One advantage of permanent life insurance is that you don’t pay any interest on your investment earnings, and your beneficiaries don’t pay any tax on the death benefit when it is eventually paid out. In some circumstances, you can even borrow money tax free from your permanent life policy.
There are four types of permanent life insurance:
  • Whole life
  • Universal life
  • Variable life
  • Variable universal

Term vs. Whole Life Insurance

Once you decide to buy life insurance, you will be faced with a number of choices about the type of policy you should get. A life insurance comparison may be useful, especially if you’re considering term vs. whole life insurance. Here’s a look at the similarities and differences between these two popular types of life insurance.

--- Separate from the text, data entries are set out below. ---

text \<open>Write \<open>h(\<tau>, \<xi>) = H\<^sub>t(\<tau>, \<xi>)\<close>. Along a solution of \<open>y' = h(\<tau>, y)\<close>, the derivative
  of order \<open>j + 1\<close> is \<open>G\<^sub>j(\<tau>, y(\<tau>))\<close>, where \<open>G\<^sub>0 = h\<close> and \<open>G\<^sub>j\<^sub>+\<^sub>1 = \<partial>\<^sub>\<tau>G\<^sub>j + D\<^sub>\<xi>G\<^sub>j \<cdot> h\<close>
  is the derivative along the field \<open>(1, h)\<close>. The Leibniz rule
  \<open>\<partial>\<^sub>\<tau>\<^sup>n(D\<^sub>\<xi>G \<cdot> h) = \<Sum>\<^sub>k C(n,k) D\<^sub>\<xi>(\<partial>\<^sub>\<tau>\<^sup>kG) \<cdot> \<partial>\<^sub>\<tau>\<^sup>n\<^sup>-\<^sup>kh\<close>, which rests on the symmetry of mixed
  partial derivatives, shows that \<open>\<partial>\<^sub>\<tau>\<^sup>nG\<^sub>i\<close> at \<open>\<tau> = 0\<close> satisfies the recursion defining
  \<open>F\<^sup>[\<^sup>i\<^sup>]\<^sub>n\<close>. Hence \<open>F\<^sup>[\<^sup>j\<^sup>]\<^sub>0 = G\<^sub>j(0, \<cdot>)\<close>, which identifies the Taylor coefficients of the
  flow at \<open>\<tau> = 0\<close> with those of \<open>T\<^sub>H(\<tau>) \<cdot> H\<close>.\<close>

lemma Ck_on_cong:
  assumes "\<And>x. x \<in> S \<Longrightarrow> f x = g x" and "Ck_on k S f"
  shows "Ck_on k S g"
  using assms
proof (induction k arbitrary: f g)
  case 0
  then show ?case using continuous_on_cong by force
next
  case (Suc k)
  then obtain f' where f': "\<forall>x\<in>S. (f has_derivative f' x) (at x within S)"
    and Ck: "\<forall>v. Ck_on k S (\<lambda>x. f' x v)"
    by auto
  have "\<forall>x\<in>S. (g has_derivative f' x) (at x within S)"
    using f' Suc.prems(1) has_derivative_transform[of _ S g f] by auto
  with Ck show ?case by auto
qed

lemma Ck_on_SucD: "Ck_on (Suc k) S f \<Longrightarrow> Ck_on k S f"
proof (induction k arbitrary: f)
  case 0
  then obtain f' where "\<forall>x\<in>S. (f has_derivative f' x) (at x within S)" by auto
  then show ?case
    by (auto simp: continuous_on_eq_continuous_within intro: has_derivative_continuous)
next
  case (Suc k)
  then obtain f' where f': "\<forall>x\<in>S. (f has_derivative f' x) (at x within S)"
    and "\<forall>v. Ck_on (Suc k) S (\<lambda>x. f' x v)"
    by auto
  with Suc.IH have "\<forall>v. Ck_on k S (\<lambda>x. f' x v)" by blast
  with f' show ?case by (simp only: Ck_on.simps) blast
qed

lemma Ck_on_const: "Ck_on k S (\<lambda>x. c)"
proof (induction k arbitrary: c)
  case 0 then show ?case by simp
next
  case (Suc k)
  then show ?case by (auto intro!: exI[of _ "\<lambda>x v. 0"])
qed

lemma Ck_on_add: "Ck_on k S f \<Longrightarrow> Ck_on k S g \<Longrightarrow> Ck_on k S (\<lambda>x. f x + g x)"
proof (induction k arbitrary: f g)
  case 0 then show ?case by (simp add: continuous_on_add)
next
  case (Suc k)
  from Suc.prems obtain f' g'
    where f': "\<forall>x\<in>S. (f has_derivative f' x) (at x within S)" "\<forall>v. Ck_on k S (\<lambda>x. f' x v)"
      and g': "\<forall>x\<in>S. (g has_derivative g' x) (at x within S)" "\<forall>v. Ck_on k S (\<lambda>x. g' x v)"
    by auto
  have "\<forall>x\<in>S. ((\<lambda>x. f x + g x) has_derivative (\<lambda>v. f' x v + g' x v)) (at x within S)"
    using f' g' by (auto intro: has_derivative_add)
  then show ?case using Suc.IH f'(2) g'(2) by auto
qed

lemma Ck_on_bounded_linear: "bounded_linear L \<Longrightarrow> Ck_on k S f \<Longrightarrow> Ck_on k S (\<lambda>x. L (f x))"
proof (induction k arbitrary: f)
  case 0 then show ?case by (simp add: bounded_linear.continuous_on)
next
  case (Suc k)
  from Suc.prems obtain f'
    where f': "\<forall>x\<in>S. (f has_derivative f' x) (at x within S)" "\<forall>v. Ck_on k S (\<lambda>x. f' x v)"
    by auto
  have "\<forall>x\<in>S. ((\<lambda>x. L (f x)) has_derivative (\<lambda>v. L (f' x v))) (at x within S)"
    using f' Suc.prems(1) bounded_linear.has_derivative by blast
  then show ?case using Suc f'(2) by auto
qed

lemma Ck_on_scaleR: "Ck_on k S a \<Longrightarrow> Ck_on k S f \<Longrightarrow> Ck_on k S (\<lambda>x. a x *\<^sub>R f x)"
proof (induction k arbitrary: a f)
  case 0 then show ?case by (simp add: continuous_on_scaleR)
next
  case (Suc k)
  from Suc.prems obtain f' a'
    where f': "\<forall>x\<in>S. (f has_derivative f' x) (at x within S)" "\<forall>v. Ck_on k S (\<lambda>x. f' x v)"
      and a': "\<forall>x\<in>S. (a has_derivative a' x) (at x within S)" "\<forall>v. Ck_on k S (\<lambda>x. a' x v)"
    by auto
  have "\<forall>x\<in>S. ((\<lambda>x. a x *\<^sub>R f x) has_derivative (\<lambda>v. a x *\<^sub>R f' x v + a' x v *\<^sub>R f x)) (at x within S)"
    using f' a' by (auto intro: has_derivative_scaleR)
  moreover have "Ck_on k S (\<lambda>x. a x *\<^sub>R f' x v + a' x v *\<^sub>R f x)" for v
  proof -
    have "Ck_on k S a" "Ck_on k S f" using Suc.prems Ck_on_SucD by blast+
    then show ?thesis using Suc.IH f'(2) a'(2) Ck_on_add by blast
  qed
  ultimately show ?case by auto
qed

lemma Ck_on_sum:
  "finite A \<Longrightarrow> (\<And>i. i \<in> A \<Longrightarrow> Ck_on k S (f i)) \<Longrightarrow> Ck_on k S (\<lambda>x. \<Sum>i\<in>A. f i x)"
  by (induction A rule: finite_induct) (simp_all add: Ck_on_const Ck_on_add)

lemma smooth_on_cong: "smooth_on S f \<Longrightarrow> (\<And>x. x \<in> S \<Longrightarrow> f x = g x) \<Longrightarrow> smooth_on S g"
  unfolding smooth_on_def using Ck_on_cong by blast

lemma smooth_on_imp_continuous_on: "smooth_on S f \<Longrightarrow> continuous_on S f"
  unfolding smooth_on_def by (drule spec[of _ 0]) simp

lemma smooth_on_add: "smooth_on S f \<Longrightarrow> smooth_on S g \<Longrightarrow> smooth_on S (\<lambda>x. f x + g x)"
  by (simp add: smooth_on_def Ck_on_add)

lemma smooth_on_scaleR: "smooth_on S a \<Longrightarrow> smooth_on S f \<Longrightarrow> smooth_on S (\<lambda>x. a x *\<^sub>R f x)"
  by (simp add: smooth_on_def Ck_on_scaleR)

lemma smooth_on_bounded_linear:
  "bounded_linear L \<Longrightarrow> smooth_on S f \<Longrightarrow> smooth_on S (\<lambda>x. L (f x))"
  by (simp add: smooth_on_def Ck_on_bounded_linear)

lemma smooth_on_sum:
  "finite A \<Longrightarrow> (\<And>i. i \<in> A \<Longrightarrow> smooth_on S (f i)) \<Longrightarrow> smooth_on S (\<lambda>x. \<Sum>i\<in>A. f i x)"
  by (simp add: smooth_on_def Ck_on_sum)

lemma binomial_sum_Suc:
  fixes f :: "nat \<Rightarrow> nat \<Rightarrow> 'v::real_vector"
  shows "(\<Sum>k\<le>n. of_nat (n choose k) *\<^sub>R (f (Suc k) (n - k) + f k (Suc (n - k))))
       = (\<Sum>k\<le>Suc n. of_nat (Suc n choose k) *\<^sub>R f k (Suc n - k))"
proof -
  have shift: "(\<Sum>k\<le>n. of_nat (n choose k) *\<^sub>R f k (Suc (n - k)))
      = f 0 (Suc n) + (\<Sum>k\<le>n. of_nat (n choose Suc k) *\<^sub>R f (Suc k) (n - k))"
  proof -
    have "(\<Sum>k\<le>n. of_nat (n choose k) *\<^sub>R f k (Suc (n - k)))
        = (\<Sum>k\<le>Suc n. of_nat (n choose k) *\<^sub>R f k (Suc n - k))"
      by (simp add: Suc_diff_le)
    also have "\<dots> = f 0 (Suc n) + (\<Sum>k\<le>n. of_nat (n choose Suc k) *\<^sub>R f (Suc k) (n - k))"
      by (subst sum.atMost_Suc_shift) simp
    finally show ?thesis .
  qed
  have pascal: "(\<Sum>k\<le>Suc n. of_nat (Suc n choose k) *\<^sub>R f k (Suc n - k)) = f 0 (Suc n)
      + (\<Sum>k\<le>n. of_nat (n choose k) *\<^sub>R f (Suc k) (n - k) + of_nat (n choose Suc k) *\<^sub>R f (Suc k) (n - k))"
    by (subst sum.atMost_Suc_shift) (simp add: scaleR_left_distrib)
  have "(\<Sum>k\<le>n. of_nat (n choose k) *\<^sub>R (f (Suc k) (n - k) + f k (Suc (n - k))))
      = (\<Sum>k\<le>n. of_nat (n choose k) *\<^sub>R f (Suc k) (n - k))
        + (\<Sum>k\<le>n. of_nat (n choose k) *\<^sub>R f k (Suc (n - k)))"
    by (simp add: scaleR_right_distrib sum.distrib)
  also have "\<dots> = (\<Sum>k\<le>Suc n. of_nat (Suc n choose k) *\<^sub>R f k (Suc n - k))"
    unfolding shift pascal by (simp add: sum.distrib algebra_simps)
  finally show ?thesis .
qed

Understanding Term and Whole life insurance

Term life insurance and whole life insurance are two of the most common types of life insurance policies, so it’s important for you to come to a clear understanding of both.
Term life insurance provides coverage for a specific amount of time. Generally, you can select the term that works best for you, and common terms include 5, 10, 15, and 20 years. There are two main types of term life insurance: annual renewable, which starts with a low premium that then increases with age, and level premium, which has a higher but fixed premium.
Whole life insurance is a type of permanent life insurance, and like all permanent life insurance plans, it’s designed to last a lifetime. Whole life insurance policies offer a fixed premium and a guaranteed increase in cash value through investments.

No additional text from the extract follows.